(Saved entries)
- - - - - - -

section \<open>Energy of a symmetrizable linear system\<close>

lemma quadratic_energy_has_real_derivative:
  fixes H :: "real^'n^'n" and q qt :: "real \<Rightarrow> real \<Rightarrow> real^'n"
  assumes H_sym: "transpose H = H"
    and q_t: "\<forall>t\<in>{0..T}. \<forall>x. ((\<lambda>s. q s x) has_vector_derivative qt t x) (at t within {0..T})"
    and q_cont: "continuous_on ({0..T} \<times> UNIV) (\<lambda>(t, x). q t x)"
    and qt_cont: "continuous_on ({0..T} \<times> UNIV) (\<lambda>(t, x). qt t x)"
    and supp: "\<And>s x. s \<in> {0..T} \<Longrightarrow> x \<notin> {a..b} \<Longrightarrow> q s x = 0"
    and t: "t \<in> {0..T}"
  shows "((\<lambda>s. integral UNIV (\<lambda>x. (1/2) * (q s x \<bullet> (H *v q s x)))) has_real_derivative
          integral {a..b} (\<lambda>x. q t x \<bullet> (H *v qt t x))) (at t within {0..T})"
proof (rule has_real_derivative_integral_bounded_support[OF _ _ _ _ t])
  fix s x assume s: "s \<in> {0..T}"
  have "((\<lambda>s. q s x \<bullet> (H *v q s x)) has_vector_derivative
          q s x \<bullet> (H *v qt s x) + qt s x \<bullet> (H *v q s x) + q s x \<bullet> (0 *v q s x)) (at s within {0..T})"
    using q_t s by (intro quadratic_form_has_vector_derivative has_vector_derivative_const) blast
  then have "((\<lambda>s. q s x \<bullet> (H *v q s x)) has_real_derivative 2 * (q s x \<bullet> (H *v qt s x)))
               (at s within {0..T})"
    by (simp add: has_real_derivative_iff_has_vector_derivative
        symmetric_quadratic_form_commute[OF H_sym, of "qt s x"])
  from DERIV_cmult[OF this, of "1/2"]
  show "((\<lambda>s. (1/2) * (q s x \<bullet> (H *v q s x))) has_real_derivative q s x \<bullet> (H *v qt s x))
          (at s within {0..T})"
    by simp
  show "continuous_on {a..b} (\<lambda>x. (1/2) * (q s x \<bullet> (H *v q s x)))"
    using continuous_on_slice[OF q_cont s] by (intro continuous_intros) (auto intro: continuous_on_subset)
  show "(1/2) * (q s x \<bullet> (H *v q s x)) = 0" if "x \<notin> {a..b}"
    using supp[OF s that] by simp
next
  have "continuous_on ({0..T} \<times> {a..b}) (\<lambda>p. (\<lambda>(s, x). q s x) p \<bullet> (H *v (\<lambda>(s, x). qt s x) p))"
    by (intro continuous_intros continuous_on_subset[OF q_cont] continuous_on_subset[OF qt_cont]) auto
  then show "continuous_on ({0..T} \<times> {a..b}) (\<lambda>(s, x). q s x \<bullet> (H *v qt s x))"
    by (simp add: case_prod_unfold)
qed

lemma energy_has_real_derivative:
  fixes H :: "real^'n^'n" and S S' :: "real \<Rightarrow> real^'n^'n"
    and q qt qx :: "real \<Rightarrow> real \<Rightarrow> real^'n"
  assumes H_sym: "transpose H = H"
    and HS_sym: "\<And>x. transpose (H ** S x) = H ** S x"
    and S': "\<And>x. (S has_vector_derivative S' x) (at x)"
    and S'_cont: "continuous_on UNIV S'"
    and q_t: "\<forall>t\<in>{0..T}. \<forall>x. ((\<lambda>s. q s x) has_vector_derivative qt t x) (at t within {0..T})"
    and q_x: "\<forall>t\<in>{0..T}. \<forall>x. ((\<lambda>y. q t y) has_vector_derivative qx t x) (at x)"
    and q_cont: "continuous_on ({0..T} \<times> UNIV) (\<lambda>(t, x). q t x)"
    and qt_cont: "continuous_on ({0..T} \<times> UNIV) (\<lambda>(t, x). qt t x)"
    and pde: "\<forall>t\<in>{0..T}. \<forall>x. qt t x + S x *v qx t x = 0"
    and "compact K" and supp: "\<forall>t\<in>{0..T}. \<forall>x. x \<notin> K \<longrightarrow> q t x = 0"
    and t: "t \<in> {0..T}"
  shows "((\<lambda>s. integral UNIV (\<lambda>x. (1/2) * (q s x \<bullet> (H *v q s x)))) has_real_derivative
          (1/2) * integral UNIV (\<lambda>x. q t x \<bullet> ((H ** S' x) *v q t x))) (at t within {0..T})"
proof -
  obtain c where "K \<subseteq> box (- c) c"
    using bounded_subset_box_symmetric[OF compact_imp_bounded[OF \<open>compact K\<close>]] by blast
  define a b where "a = - \<bar>c\<bar>" and "b = \<bar>c\<bar>"
  have "K \<subseteq> {a<..<b}"
    using \<open>K \<subseteq> box (- c) c\<close> by (auto simp: a_def b_def box_real)
  then have vanish: "q s x = 0" if "s \<in> {0..T}" "x \<notin> {a<..<b}" for s x
    using supp that by blast
  let ?E' = "\<lambda>x. q t x \<bullet> ((H ** S' x) *v q t x)"
  have "((\<lambda>x. q t x \<bullet> ((H ** S x) *v qx t x)) has_integral - (1/2) * integral {a..b} ?E') {a..b}"
  proof (rule quadratic_flux_has_integral)
    show "((\<lambda>x. H ** S x) has_vector_derivative H ** S' x) (at x within {a..b})" for x
      using bounded_linear.has_vector_derivative[OF bounded_linear_matrix_matrix_mult S']
      by (rule has_vector_derivative_at_within)
    show "((\<lambda>y. q t y) has_vector_derivative qx t x) (at x within {a..b})" for x
      using q_x t by (blast intro: has_vector_derivative_at_within)
    show "?E' integrable_on {a..b}"
      using continuous_on_slice[OF q_cont t] S'_cont
      by (intro integrable_continuous_interval continuous_intros) (auto intro: continuous_on_subset)
  qed (use vanish[OF t] HS_sym in \<open>auto simp: a_def b_def\<close>)
  moreover have "q t x \<bullet> (H *v qt t x) = - (q t x \<bullet> ((H ** S x) *v qx t x))" for x
  proof -
    have "qt t x = - (S x *v qx t x)" using pde t by (simp add: eq_neg_iff_add_eq_0)
    then show ?thesis by (simp add: linear_neg[OF matrix_vector_mul_linear] matrix_vector_mul_assoc)
  qed
  ultimately have "integral {a..b} (\<lambda>x. q t x \<bullet> (H *v qt t x)) = (1/2) * integral {a..b} ?E'"
    by (simp add: integral_unique)
  also have "integral {a..b} ?E' = integral UNIV ?E'"
    using vanish[OF t] by (intro integral_UNIV_vanishing_outside[symmetric]) auto
  finally have rate: "integral {a..b} (\<lambda>x. q t x \<bullet> (H *v qt t x)) = (1/2) * integral UNIV ?E'" .
  have "((\<lambda>s. integral UNIV (\<lambda>x. (1/2) * (q s x \<bullet> (H *v q s x)))) has_real_derivative
          integral {a..b} (\<lambda>x. q t x \<bullet> (H *v qt t x))) (at t within {0..T})"
    by (rule quadratic_energy_has_real_derivative[OF H_sym q_t q_cont qt_cont _ t]) (use vanish in auto)
  then show ?thesis unfolding rate .
qed

section \<open>The slowing-down far-field operator\<close>

lemma slow_op_split:
  "slow_op R lam \<Gamma> x = R ** diag_mat (\<lambda>i. min (lam i) 0) ** matrix_inv R
     + \<Gamma> x *\<^sub>R (R ** diag_mat (\<lambda>i. max (lam i) 0) ** matrix_inv R)"
proof -
  have "diag_mat (slowed_eig \<Gamma> lam x)
      = diag_mat (\<lambda>i. min (lam i) 0) + \<Gamma> x *\<^sub>R diag_mat (\<lambda>i. max (lam i) 0)"
    by (simp add: vec_eq_iff diag_mat_def slowed_eig_def)
  then show ?thesis
    unfolding slow_op_def
    by (simp add: matrix_add_ldistrib matrix_add_rdistrib matrix_scalar_ac scalar_matrix_assoc)
qed

lemma slow_op_has_vector_derivative:
  assumes "(\<Gamma> has_real_derivative g) (at x)"
  shows "(slow_op R lam \<Gamma> has_vector_derivative
           g *\<^sub>R (R ** diag_mat (\<lambda>i. max (lam i) 0) ** matrix_inv R)) (at x)"
  unfolding slow_op_split[abs_def]
  using has_vector_derivative_add[OF has_vector_derivative_const
      has_vector_derivative_scaleR[OF assms has_vector_derivative_const]]
  by simp

lemma slow_op_vector_derivative:
  assumes "\<Gamma> C1_differentiable_on UNIV"
  shows "vector_derivative (slow_op R lam \<Gamma>) (at x)
       = vector_derivative \<Gamma> (at x) *\<^sub>R (R ** diag_mat (\<lambda>i. max (lam i) 0) ** matrix_inv R)"
  by (rule vector_derivative_at[OF slow_op_has_vector_derivative
        [OF C1_differentiable_on_UNIV_has_real_derivative[OF assms]]])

- - - - - - -

→ Action item:
The lines from the one holding "unfolding slow_op_def" to the last line of the entries, both included: retype them exactly and give nothing else.

→ Answer section:
    unfolding slow_op_def
    by (simp add: matrix_add_ldistrib matrix_add_rdistrib matrix_scalar_ac scalar_matrix_assoc)
qed

lemma slow_op_has_vector_derivative:
  assumes "(\<Gamma> has_real_derivative g) (at x)"
  shows "(slow_op R lam \<Gamma> has_vector_derivative
           g *\<^sub>R (R ** diag_mat (\<lambda>i. max (lam i) 0) ** matrix_inv R)) (at x)"
  unfolding slow_op_split[abs_def]
  using has_vector_derivative_add[OF has_vector_derivative_const
      has_vector_derivative_scaleR[OF assms has_vector_derivative_const]]
  by simp

lemma slow_op_vector_derivative:
  assumes "\<Gamma> C1_differentiable_on UNIV"
  shows "vector_derivative (slow_op R lam \<Gamma>) (at x)
       = vector_derivative \<Gamma> (at x) *\<^sub>R (R ** diag_mat (\<lambda>i. max (lam i) 0) ** matrix_inv R)"
  by (rule vector_derivative_at[OF slow_op_has_vector_derivative
        [OF C1_differentiable_on_UNIV_has_real_derivative[OF assms]]])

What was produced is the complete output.